RFC draft-ietf-calext-jscontact-profiles-00 JSContact Profiles April 2025
Stepanek & Loffredo Expires 17 October 2025 [Page]
Workgroup:
calext
RFC:
draft-ietf-calext-jscontact-profiles-00
Published:
Intended Status:
Standards Track
Expires:
Authors:
R. Stepanek
Fastmail
M. Loffredo
IIT-CNR

Protocol-Specific Profiles for JSContact

Abstract

This document defines JSContact profiles, a named subsets of JSContact elements that are supported in context of a contact data exchange protocol or other use case. It aims to facilitate using JSContact in contexts where supporting all of JSContact semantics is not appropriate.

Status of This Memo

This Internet-Draft is submitted in full conformance with the provisions of BCP 78 and BCP 79.

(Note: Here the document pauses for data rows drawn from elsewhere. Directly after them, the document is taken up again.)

lemma transfer_elem_derived:
  assumes x: "x \<in> derived G H"
  shows "transfer_elem G H K x = \<one>\<^bsub>abelianization G K\<^esub>"
proof -
  interpret A: comm_group "abelianization G K" by (rule abelianization_K)
  interpret Tr: group_hom "G\<lparr>carrier := H\<rparr>" "abelianization G K" "transfer_elem G H K"
    using subgroup_imp_group[OF subgroup_H] A.is_group transfer_elem_hom
    by (simp add: group_hom_def group_hom_axioms_def)
  have "transfer_elem G H K ` derived G H = derived (abelianization G K) (transfer_elem G H K ` H)"
    using Tr.derived_img[of H] derived_consistent[OF subset_refl subgroup_H] by simp
  also have "\<dots> = {\<one>\<^bsub>abelianization G K\<^esub>}"
    using Tr.hom_closed by (intro A.derived_eq_singleton) auto
  finally show ?thesis using x by blast
qed

lemma transfer_class_rcos:
  assumes h: "h \<in> H"
  shows "transfer_class G H K (derived G H #> h) = transfer_elem G H K h"
proof -
  interpret A: comm_group "abelianization G K" by (rule abelianization_K)
  interpret D: subgroup "derived G H" G by (rule subgroup_derived[OF subgroup_H])
  let ?x = "SOME x. x \<in> derived G H #> h"
  have "h \<in> derived G H #> h" using rcos_self[OF carrier_of_H[OF h] D.subgroup_axioms] .
  then have x: "?x \<in> derived G H #> h" by (rule someI)
  then obtain d where d: "d \<in> derived G H" and xd: "?x = d \<otimes> h" by (auto simp: r_coset_def)
  have dH: "d \<in> H" using d derived_incl[OF subset_refl subgroup_H] by blast
  have xH: "?x \<in> H" unfolding xd using subgroup.m_closed[OF subgroup_H dH h] .
  have q: "?x \<otimes> inv h \<in> derived G H"
    unfolding xd using d dH h carrier_of_H by (simp add: m_assoc)
  have ih: "inv h \<in> H" by (rule subgroup.m_inv_closed[OF subgroup_H h])
  have "transfer_elem G H K ?x = transfer_elem G H K (?x \<otimes> inv h \<otimes> h)"
    using xH h carrier_of_H by (simp add: m_assoc)
  also have "\<dots> = transfer_elem G H K h"
    using transfer_elem_mult transfer_elem_closed transfer_elem_derived[OF q] xH ih h
      subgroup.m_closed[OF subgroup_H] by simp
  finally show ?thesis unfolding transfer_class_def .
qed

Internet-Drafts are working documents of the Internet Engineering Task Force (IETF). Note that other groups may also distribute working documents as Internet-Drafts. The list of current Internet-Drafts is at https://datatracker.ietf.org/drafts/current/.

Internet-Drafts are draft documents valid for a maximum of six months and may be updated, replaced, or obsoleted by other documents at any time. It is inappropriate to use Internet-Drafts as reference material or to cite them other than as "work in progress."

This Internet-Draft will expire on 17 October 2025.

Table of Contents

1. Notational Conventions

The key words "MUST", "MUST NOT", "REQUIRED", "SHALL", "SHALL NOT", "SHOULD", "SHOULD NOT", "RECOMMENDED", "NOT RECOMMENDED", "MAY", and "OPTIONAL" in this document are to be interpreted as described in BCP 14 [RFC2119] [RFC8174] when, and only when, they appear in all capitals, as shown here.

The ABNF definitions in this document use the notations of [RFC5234]. ABNF rules not defined in this document are defined in either [RFC5234] (such as the ABNF for CRLF, WSP, DQUOTE, VCHAR, ALPHA, and DIGIT) or [RFC6350].

2. Introduction

The JSContact [RFC9553] contact card data model and format is designed for use in address book applications and directory services. Intended as an alternative to the prevalent vCard [RFC6350] data format, it covers vCard core semantics and extensions, and provides a rich model for personal names, postal addresses and localization. All JSContact elements are relevant for some contact card use case and, similar to vCard, implementations are expected to support these elements when exchanging contact card information using protocols such as CardDAV [RFC6352] and JMAP for Contacts [RFC9610].

In contrast, other protocols and internet standards might require to exchange some contact card information, but not need all of what JSContact provides. Section 1.7.4 of [RFC9553] outlines how JSContact implementations may ignore unknown JSContact elements, but this only applies to future extensions of [RFC9553]; they are still expected to implement all elements of the core specification. Also, the extensibility of JSContact and the requirement to preserve arbitrary contact elements might not be adequate for some protocols.

To make use of JSContact under these circumstances, this document defines a new IANA registry for JSContact that allows to register named subsets of JSContact elements. These subsets are referred to as "JSContact profiles" and are meant to bring the following benefits:

This document is organized as follows: Section 3 defines JSContact profiles, Section 4 illustrates JSContact profiles by example, Section 5 summarizes the relevant information for IANA to establish the JSContact Profiles registry.

3. JSContact Profiles

A JSContact profile is a named subset of JSContact properties. The JSContact properties MUST be registered in the IANA JSContact registry. A JSContact extension MAY define both a new profile and new properties, as long as they are registered at the same time.

A JSContact object conforms to a profile if all its properties are in the subset of properties defined by that profile and its property values comply with the profile restrictions.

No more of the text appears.